Material shown ▸
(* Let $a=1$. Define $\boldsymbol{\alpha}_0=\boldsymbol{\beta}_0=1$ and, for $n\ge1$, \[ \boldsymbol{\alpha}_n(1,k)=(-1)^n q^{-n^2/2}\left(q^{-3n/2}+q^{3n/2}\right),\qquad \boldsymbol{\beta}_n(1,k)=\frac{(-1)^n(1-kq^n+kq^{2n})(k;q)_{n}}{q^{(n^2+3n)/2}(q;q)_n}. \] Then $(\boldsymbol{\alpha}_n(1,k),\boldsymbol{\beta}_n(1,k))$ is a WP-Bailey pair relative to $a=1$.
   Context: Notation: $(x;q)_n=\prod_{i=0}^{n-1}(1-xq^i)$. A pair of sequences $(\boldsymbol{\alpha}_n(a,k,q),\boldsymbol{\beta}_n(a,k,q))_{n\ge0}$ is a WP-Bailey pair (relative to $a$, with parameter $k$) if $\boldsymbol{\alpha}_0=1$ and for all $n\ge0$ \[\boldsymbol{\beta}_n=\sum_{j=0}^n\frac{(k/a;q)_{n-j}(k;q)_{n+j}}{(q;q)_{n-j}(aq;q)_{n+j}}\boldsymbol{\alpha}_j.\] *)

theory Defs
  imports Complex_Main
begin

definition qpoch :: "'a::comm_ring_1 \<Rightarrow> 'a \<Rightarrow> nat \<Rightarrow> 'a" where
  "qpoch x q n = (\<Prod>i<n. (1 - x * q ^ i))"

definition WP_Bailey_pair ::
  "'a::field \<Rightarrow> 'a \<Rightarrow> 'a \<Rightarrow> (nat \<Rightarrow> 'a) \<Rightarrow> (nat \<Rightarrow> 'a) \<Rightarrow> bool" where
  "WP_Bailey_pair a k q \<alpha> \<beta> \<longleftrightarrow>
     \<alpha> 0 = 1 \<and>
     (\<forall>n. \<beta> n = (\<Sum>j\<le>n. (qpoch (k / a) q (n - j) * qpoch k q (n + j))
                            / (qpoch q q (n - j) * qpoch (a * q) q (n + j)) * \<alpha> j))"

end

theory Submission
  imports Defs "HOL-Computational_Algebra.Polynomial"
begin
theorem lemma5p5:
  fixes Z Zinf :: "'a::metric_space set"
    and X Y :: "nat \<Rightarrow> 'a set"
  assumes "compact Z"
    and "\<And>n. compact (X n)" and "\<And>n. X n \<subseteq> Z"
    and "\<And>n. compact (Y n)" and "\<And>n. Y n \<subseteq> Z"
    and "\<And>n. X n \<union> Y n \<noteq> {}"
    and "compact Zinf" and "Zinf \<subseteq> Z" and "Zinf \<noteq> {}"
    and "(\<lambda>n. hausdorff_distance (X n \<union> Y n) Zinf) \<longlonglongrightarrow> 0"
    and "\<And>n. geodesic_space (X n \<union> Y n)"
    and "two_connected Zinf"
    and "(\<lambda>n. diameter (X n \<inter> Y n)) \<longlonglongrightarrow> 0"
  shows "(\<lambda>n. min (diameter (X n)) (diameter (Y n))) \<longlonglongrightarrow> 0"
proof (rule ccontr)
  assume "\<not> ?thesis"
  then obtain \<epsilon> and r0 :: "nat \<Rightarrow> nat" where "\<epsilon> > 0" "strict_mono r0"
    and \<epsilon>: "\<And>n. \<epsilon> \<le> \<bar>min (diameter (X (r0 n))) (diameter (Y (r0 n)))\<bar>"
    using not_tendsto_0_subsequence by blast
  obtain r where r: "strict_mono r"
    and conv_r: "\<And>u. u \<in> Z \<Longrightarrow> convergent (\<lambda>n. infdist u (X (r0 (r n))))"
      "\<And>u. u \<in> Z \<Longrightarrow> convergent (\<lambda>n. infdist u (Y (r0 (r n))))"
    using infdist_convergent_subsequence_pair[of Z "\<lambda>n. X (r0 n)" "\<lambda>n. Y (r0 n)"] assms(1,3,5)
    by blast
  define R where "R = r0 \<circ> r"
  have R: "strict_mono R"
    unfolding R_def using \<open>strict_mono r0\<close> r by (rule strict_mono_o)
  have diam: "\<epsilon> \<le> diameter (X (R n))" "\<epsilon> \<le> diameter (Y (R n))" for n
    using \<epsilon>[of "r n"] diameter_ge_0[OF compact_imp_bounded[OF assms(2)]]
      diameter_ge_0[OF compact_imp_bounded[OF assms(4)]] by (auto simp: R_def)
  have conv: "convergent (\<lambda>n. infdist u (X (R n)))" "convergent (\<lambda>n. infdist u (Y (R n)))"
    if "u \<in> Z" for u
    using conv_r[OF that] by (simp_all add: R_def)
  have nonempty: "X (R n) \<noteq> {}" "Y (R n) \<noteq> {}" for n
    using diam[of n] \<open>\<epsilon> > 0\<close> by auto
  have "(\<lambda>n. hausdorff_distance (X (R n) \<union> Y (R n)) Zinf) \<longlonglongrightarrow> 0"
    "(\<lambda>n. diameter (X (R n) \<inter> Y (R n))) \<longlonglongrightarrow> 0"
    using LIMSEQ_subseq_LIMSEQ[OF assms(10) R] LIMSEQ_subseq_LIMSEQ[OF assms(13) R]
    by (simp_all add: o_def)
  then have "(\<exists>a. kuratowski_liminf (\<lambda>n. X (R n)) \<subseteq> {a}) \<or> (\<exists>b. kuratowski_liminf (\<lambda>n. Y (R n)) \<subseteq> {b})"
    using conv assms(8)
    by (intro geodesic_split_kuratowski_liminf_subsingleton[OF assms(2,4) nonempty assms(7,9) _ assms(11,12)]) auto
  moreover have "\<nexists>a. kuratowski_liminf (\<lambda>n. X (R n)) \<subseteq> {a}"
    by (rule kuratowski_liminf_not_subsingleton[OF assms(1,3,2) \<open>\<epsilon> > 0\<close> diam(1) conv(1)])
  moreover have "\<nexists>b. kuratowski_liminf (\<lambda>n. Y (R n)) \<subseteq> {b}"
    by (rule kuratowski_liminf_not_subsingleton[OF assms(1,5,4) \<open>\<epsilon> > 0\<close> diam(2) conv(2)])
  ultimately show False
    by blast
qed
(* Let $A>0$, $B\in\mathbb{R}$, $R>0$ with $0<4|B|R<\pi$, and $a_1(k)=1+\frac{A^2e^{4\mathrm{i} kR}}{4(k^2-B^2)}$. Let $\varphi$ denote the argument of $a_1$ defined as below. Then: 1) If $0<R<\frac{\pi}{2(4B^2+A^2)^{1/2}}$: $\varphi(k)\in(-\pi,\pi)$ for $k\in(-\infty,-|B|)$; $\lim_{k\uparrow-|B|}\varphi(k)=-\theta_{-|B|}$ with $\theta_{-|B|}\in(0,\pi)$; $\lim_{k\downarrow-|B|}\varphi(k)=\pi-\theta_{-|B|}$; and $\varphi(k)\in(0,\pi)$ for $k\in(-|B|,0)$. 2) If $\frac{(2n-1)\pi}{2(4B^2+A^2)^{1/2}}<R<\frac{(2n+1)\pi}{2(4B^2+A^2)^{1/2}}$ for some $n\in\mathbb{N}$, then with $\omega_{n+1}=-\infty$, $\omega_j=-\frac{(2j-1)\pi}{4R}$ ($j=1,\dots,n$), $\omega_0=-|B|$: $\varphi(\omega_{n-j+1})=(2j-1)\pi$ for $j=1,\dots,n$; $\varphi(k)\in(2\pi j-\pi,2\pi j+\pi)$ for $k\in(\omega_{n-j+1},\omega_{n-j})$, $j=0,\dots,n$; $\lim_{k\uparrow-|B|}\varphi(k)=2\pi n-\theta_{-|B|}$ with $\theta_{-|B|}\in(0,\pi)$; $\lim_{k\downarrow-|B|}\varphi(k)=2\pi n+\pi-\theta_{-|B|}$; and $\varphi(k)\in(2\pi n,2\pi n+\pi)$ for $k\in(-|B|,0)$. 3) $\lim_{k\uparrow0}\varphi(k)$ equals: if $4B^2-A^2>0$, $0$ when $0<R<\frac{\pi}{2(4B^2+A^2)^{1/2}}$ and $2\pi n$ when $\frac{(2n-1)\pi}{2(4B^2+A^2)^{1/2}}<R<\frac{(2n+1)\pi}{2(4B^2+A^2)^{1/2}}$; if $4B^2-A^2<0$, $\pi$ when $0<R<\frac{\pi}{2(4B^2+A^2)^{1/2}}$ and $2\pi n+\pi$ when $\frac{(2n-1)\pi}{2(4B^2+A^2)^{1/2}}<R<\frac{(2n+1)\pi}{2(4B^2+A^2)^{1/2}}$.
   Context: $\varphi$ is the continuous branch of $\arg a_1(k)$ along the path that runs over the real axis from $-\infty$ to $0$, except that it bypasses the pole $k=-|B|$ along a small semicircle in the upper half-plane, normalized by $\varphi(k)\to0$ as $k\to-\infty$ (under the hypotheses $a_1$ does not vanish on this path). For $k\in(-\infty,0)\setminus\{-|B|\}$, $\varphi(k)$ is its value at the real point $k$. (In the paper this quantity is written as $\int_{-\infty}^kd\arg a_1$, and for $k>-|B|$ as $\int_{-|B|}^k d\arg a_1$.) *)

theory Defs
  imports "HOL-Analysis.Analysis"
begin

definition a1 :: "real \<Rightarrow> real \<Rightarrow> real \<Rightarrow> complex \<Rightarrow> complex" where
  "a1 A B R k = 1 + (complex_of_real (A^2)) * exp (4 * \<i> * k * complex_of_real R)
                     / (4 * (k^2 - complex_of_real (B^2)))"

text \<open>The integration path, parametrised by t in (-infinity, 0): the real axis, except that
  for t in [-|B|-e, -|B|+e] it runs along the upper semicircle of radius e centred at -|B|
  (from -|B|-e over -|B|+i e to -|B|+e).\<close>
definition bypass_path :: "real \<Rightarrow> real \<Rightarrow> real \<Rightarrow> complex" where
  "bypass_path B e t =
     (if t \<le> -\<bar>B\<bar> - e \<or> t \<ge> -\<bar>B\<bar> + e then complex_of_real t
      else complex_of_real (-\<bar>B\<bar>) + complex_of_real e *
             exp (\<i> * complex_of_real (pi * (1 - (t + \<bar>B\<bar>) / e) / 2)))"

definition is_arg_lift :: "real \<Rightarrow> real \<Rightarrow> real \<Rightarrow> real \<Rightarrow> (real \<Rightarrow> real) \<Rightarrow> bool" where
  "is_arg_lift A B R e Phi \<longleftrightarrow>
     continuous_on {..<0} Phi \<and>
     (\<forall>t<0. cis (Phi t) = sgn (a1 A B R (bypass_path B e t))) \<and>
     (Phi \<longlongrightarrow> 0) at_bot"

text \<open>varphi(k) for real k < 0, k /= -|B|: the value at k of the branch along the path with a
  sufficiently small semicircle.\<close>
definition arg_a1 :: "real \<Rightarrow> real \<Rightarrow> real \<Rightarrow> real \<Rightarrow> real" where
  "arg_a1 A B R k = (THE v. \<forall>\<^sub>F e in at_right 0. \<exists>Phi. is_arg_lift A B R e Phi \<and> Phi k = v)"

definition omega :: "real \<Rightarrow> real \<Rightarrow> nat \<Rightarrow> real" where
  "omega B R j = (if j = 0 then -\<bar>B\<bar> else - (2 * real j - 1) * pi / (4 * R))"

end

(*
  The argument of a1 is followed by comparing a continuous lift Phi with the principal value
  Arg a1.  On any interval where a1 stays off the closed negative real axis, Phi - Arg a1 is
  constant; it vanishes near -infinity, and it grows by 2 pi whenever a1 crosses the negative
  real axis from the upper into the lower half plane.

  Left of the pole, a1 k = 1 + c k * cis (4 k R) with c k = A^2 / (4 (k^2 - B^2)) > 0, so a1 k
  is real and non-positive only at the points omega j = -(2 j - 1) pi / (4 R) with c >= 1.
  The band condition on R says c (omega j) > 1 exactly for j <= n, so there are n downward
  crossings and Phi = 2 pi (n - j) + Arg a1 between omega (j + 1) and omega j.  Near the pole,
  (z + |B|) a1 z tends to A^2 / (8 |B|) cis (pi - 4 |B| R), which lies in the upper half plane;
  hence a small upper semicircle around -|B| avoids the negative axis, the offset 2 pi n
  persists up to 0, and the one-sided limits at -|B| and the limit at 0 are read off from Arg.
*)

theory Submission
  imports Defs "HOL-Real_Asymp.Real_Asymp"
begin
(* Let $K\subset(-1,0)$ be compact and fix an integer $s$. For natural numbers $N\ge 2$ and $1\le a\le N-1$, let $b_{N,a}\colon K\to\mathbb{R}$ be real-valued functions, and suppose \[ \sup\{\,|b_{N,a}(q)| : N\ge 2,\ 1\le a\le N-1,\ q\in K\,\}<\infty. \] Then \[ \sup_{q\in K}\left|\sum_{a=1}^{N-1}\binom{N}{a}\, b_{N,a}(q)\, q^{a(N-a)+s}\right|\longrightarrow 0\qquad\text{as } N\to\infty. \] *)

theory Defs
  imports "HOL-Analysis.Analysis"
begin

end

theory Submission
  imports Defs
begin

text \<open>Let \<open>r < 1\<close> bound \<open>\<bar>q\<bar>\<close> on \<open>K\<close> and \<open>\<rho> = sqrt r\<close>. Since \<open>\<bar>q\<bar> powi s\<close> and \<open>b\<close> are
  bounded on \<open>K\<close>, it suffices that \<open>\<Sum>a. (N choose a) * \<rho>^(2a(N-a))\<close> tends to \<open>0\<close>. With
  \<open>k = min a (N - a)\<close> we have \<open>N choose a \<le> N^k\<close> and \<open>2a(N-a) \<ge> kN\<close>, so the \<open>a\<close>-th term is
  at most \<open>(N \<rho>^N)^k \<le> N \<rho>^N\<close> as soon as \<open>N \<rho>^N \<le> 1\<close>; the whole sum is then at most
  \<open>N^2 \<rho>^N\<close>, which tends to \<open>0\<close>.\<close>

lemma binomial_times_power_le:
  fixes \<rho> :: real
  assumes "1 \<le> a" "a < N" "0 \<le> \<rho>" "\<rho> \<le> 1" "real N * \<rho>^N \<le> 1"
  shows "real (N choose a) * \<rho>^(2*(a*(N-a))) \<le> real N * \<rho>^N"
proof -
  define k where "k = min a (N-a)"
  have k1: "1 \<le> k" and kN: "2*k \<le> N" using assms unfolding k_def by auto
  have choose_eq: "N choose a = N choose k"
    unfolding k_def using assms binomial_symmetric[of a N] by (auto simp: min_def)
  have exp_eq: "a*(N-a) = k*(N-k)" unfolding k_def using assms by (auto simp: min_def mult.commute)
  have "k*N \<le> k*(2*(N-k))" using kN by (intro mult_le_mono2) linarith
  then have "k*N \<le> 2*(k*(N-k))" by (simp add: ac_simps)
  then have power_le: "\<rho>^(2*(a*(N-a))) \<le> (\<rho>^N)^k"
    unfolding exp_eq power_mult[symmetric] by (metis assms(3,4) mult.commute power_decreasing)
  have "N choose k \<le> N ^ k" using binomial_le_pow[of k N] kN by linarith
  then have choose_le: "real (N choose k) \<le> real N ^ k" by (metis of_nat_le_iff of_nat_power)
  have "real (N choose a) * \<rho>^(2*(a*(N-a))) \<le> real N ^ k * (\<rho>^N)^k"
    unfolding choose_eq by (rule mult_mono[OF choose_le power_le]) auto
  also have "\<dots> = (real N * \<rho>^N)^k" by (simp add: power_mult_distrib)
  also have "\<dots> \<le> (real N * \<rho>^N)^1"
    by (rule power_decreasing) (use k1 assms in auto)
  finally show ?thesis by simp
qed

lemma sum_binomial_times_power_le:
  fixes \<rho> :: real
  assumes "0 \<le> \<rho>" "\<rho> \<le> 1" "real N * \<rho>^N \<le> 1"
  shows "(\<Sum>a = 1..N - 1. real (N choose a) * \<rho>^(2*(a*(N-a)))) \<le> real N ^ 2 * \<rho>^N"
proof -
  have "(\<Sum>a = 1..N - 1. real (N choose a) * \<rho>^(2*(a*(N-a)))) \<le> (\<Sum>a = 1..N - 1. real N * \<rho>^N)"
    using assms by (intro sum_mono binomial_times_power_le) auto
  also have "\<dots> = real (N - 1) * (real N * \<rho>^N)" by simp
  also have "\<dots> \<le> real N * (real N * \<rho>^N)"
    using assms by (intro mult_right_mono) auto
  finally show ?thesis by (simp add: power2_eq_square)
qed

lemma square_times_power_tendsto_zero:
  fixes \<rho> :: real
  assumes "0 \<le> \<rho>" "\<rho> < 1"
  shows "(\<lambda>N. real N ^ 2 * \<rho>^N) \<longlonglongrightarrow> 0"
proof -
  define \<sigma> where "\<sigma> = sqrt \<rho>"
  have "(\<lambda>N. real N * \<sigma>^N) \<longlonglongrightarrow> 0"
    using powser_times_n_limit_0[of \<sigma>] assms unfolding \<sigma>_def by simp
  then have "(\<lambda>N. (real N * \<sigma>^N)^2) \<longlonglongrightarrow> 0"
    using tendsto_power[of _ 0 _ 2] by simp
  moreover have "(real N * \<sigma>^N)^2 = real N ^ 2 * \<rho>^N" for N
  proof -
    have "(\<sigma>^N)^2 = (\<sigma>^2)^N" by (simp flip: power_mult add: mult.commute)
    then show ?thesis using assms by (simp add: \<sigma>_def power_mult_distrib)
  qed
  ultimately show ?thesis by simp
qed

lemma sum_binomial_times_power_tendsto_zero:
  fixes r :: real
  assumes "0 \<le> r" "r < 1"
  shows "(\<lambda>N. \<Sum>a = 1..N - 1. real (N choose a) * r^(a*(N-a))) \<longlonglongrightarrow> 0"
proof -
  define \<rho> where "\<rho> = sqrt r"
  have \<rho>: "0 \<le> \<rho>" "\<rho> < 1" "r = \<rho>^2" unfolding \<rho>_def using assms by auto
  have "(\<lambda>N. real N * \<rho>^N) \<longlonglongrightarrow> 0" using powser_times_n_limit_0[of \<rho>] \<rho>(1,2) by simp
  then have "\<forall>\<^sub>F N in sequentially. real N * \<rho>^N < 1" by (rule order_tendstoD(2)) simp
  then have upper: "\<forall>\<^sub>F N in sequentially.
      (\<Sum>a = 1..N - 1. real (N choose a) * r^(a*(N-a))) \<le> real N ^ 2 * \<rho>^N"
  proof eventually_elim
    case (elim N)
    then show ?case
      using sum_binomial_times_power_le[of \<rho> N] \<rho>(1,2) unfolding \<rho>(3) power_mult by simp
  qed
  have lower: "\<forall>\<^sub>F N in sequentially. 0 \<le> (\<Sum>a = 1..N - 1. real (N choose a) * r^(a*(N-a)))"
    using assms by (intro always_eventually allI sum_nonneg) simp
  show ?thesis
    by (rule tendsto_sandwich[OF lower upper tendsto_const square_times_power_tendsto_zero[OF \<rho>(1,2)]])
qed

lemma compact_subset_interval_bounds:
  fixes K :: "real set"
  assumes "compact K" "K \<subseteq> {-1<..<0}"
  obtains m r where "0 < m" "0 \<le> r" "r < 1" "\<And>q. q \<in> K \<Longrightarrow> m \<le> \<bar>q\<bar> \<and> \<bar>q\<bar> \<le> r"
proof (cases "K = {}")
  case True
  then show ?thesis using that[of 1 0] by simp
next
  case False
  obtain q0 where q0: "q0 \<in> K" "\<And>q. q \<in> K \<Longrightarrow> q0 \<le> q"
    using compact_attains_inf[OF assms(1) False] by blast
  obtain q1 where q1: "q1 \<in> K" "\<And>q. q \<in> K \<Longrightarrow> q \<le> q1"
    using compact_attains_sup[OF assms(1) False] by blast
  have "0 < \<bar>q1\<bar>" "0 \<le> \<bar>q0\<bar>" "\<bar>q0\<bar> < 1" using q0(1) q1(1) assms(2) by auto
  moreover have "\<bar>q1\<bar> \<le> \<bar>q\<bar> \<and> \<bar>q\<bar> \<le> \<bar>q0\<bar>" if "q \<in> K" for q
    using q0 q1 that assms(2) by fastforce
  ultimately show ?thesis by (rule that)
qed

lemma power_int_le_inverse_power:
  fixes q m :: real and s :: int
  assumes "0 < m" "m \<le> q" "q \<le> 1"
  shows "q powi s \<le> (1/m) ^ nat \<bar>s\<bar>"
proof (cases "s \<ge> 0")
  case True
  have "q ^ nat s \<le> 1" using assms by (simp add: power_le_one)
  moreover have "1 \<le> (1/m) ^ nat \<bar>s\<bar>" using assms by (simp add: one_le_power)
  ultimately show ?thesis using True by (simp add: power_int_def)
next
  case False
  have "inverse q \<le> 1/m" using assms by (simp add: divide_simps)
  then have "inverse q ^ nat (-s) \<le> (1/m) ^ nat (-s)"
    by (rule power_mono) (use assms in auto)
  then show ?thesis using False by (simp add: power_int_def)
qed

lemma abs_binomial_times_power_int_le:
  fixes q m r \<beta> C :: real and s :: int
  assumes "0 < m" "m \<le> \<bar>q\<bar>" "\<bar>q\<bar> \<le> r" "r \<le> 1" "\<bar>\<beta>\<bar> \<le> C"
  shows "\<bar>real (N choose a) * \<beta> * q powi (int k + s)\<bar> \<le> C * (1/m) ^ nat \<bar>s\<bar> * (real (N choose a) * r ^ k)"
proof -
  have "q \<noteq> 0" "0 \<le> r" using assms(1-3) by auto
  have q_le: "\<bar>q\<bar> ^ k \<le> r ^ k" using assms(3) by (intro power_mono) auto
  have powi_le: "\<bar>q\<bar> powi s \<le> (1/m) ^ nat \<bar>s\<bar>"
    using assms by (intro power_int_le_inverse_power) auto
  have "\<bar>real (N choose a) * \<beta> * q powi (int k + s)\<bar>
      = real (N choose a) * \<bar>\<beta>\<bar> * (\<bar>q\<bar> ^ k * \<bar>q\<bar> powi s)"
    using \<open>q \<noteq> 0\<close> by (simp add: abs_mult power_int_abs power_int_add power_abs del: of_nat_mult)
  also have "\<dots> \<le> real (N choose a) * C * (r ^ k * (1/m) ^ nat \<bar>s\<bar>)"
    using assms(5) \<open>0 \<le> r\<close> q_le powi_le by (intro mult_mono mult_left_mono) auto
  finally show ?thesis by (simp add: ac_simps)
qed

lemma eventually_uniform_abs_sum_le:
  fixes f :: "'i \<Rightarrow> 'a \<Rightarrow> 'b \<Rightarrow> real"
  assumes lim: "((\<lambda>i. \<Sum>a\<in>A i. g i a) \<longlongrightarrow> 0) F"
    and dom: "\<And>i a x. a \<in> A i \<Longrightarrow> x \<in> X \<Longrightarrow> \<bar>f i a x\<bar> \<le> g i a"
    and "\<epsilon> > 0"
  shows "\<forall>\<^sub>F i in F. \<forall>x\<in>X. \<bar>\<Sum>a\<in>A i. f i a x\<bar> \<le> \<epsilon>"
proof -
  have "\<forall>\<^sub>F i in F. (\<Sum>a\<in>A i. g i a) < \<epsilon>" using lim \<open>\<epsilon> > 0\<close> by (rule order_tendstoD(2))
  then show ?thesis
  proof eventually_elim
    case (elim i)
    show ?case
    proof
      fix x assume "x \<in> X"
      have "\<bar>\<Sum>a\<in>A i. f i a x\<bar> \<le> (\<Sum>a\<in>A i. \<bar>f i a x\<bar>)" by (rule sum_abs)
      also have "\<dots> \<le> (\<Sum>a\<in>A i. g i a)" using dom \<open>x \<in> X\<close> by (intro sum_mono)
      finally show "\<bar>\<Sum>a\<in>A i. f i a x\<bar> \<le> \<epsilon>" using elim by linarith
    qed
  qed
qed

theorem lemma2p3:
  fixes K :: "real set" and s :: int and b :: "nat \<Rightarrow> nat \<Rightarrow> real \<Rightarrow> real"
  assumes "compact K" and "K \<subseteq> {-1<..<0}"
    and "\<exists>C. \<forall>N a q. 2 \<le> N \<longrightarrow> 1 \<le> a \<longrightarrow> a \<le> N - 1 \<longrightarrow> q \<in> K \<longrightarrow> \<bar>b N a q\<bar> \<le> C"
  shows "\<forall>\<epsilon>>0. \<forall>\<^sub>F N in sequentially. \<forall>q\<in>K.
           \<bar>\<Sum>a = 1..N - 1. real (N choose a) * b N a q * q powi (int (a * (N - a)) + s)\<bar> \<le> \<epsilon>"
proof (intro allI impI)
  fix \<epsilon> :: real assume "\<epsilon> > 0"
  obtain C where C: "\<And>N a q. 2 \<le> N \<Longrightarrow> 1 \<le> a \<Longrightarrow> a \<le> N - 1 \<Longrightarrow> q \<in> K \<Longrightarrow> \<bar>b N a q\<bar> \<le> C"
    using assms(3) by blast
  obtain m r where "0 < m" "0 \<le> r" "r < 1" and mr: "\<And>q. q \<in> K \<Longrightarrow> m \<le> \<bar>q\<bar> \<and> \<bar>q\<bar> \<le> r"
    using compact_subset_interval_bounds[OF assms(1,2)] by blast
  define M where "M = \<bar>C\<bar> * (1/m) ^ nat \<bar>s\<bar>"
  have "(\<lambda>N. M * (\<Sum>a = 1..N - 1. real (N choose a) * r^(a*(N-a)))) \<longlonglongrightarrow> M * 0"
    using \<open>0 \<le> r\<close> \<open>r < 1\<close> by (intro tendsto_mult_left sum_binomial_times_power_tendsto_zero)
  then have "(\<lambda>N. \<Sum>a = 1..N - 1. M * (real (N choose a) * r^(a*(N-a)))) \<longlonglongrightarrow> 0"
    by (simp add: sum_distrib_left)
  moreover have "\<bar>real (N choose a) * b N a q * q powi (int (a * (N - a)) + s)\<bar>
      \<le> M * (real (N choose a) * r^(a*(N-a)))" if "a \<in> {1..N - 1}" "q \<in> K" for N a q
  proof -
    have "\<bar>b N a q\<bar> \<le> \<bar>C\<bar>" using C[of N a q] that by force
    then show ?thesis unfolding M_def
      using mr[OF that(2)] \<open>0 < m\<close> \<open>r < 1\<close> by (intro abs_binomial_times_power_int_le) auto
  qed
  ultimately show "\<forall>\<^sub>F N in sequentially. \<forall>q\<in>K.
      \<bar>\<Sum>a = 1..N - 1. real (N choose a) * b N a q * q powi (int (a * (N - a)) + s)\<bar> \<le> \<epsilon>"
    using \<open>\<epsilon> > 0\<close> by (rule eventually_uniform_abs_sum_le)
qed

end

Problem to solve ▸ The reply should hold only the lines of the listing above starting at the line containing "using assms by (intro power_int_le_inverse_power)" and ending at the line containing "a) * \<bar>\<beta>\<bar>", exactly as written.

Solution to this exercise ▸
    using assms by (intro power_int_le_inverse_power) auto
  have "\<bar>real (N choose a) * \<beta> * q powi (int k + s)\<bar>
      = real (N choose a) * \<bar>\<beta>\<bar> * (\<bar>q\<bar> ^ k * \<bar>q\<bar> powi s)"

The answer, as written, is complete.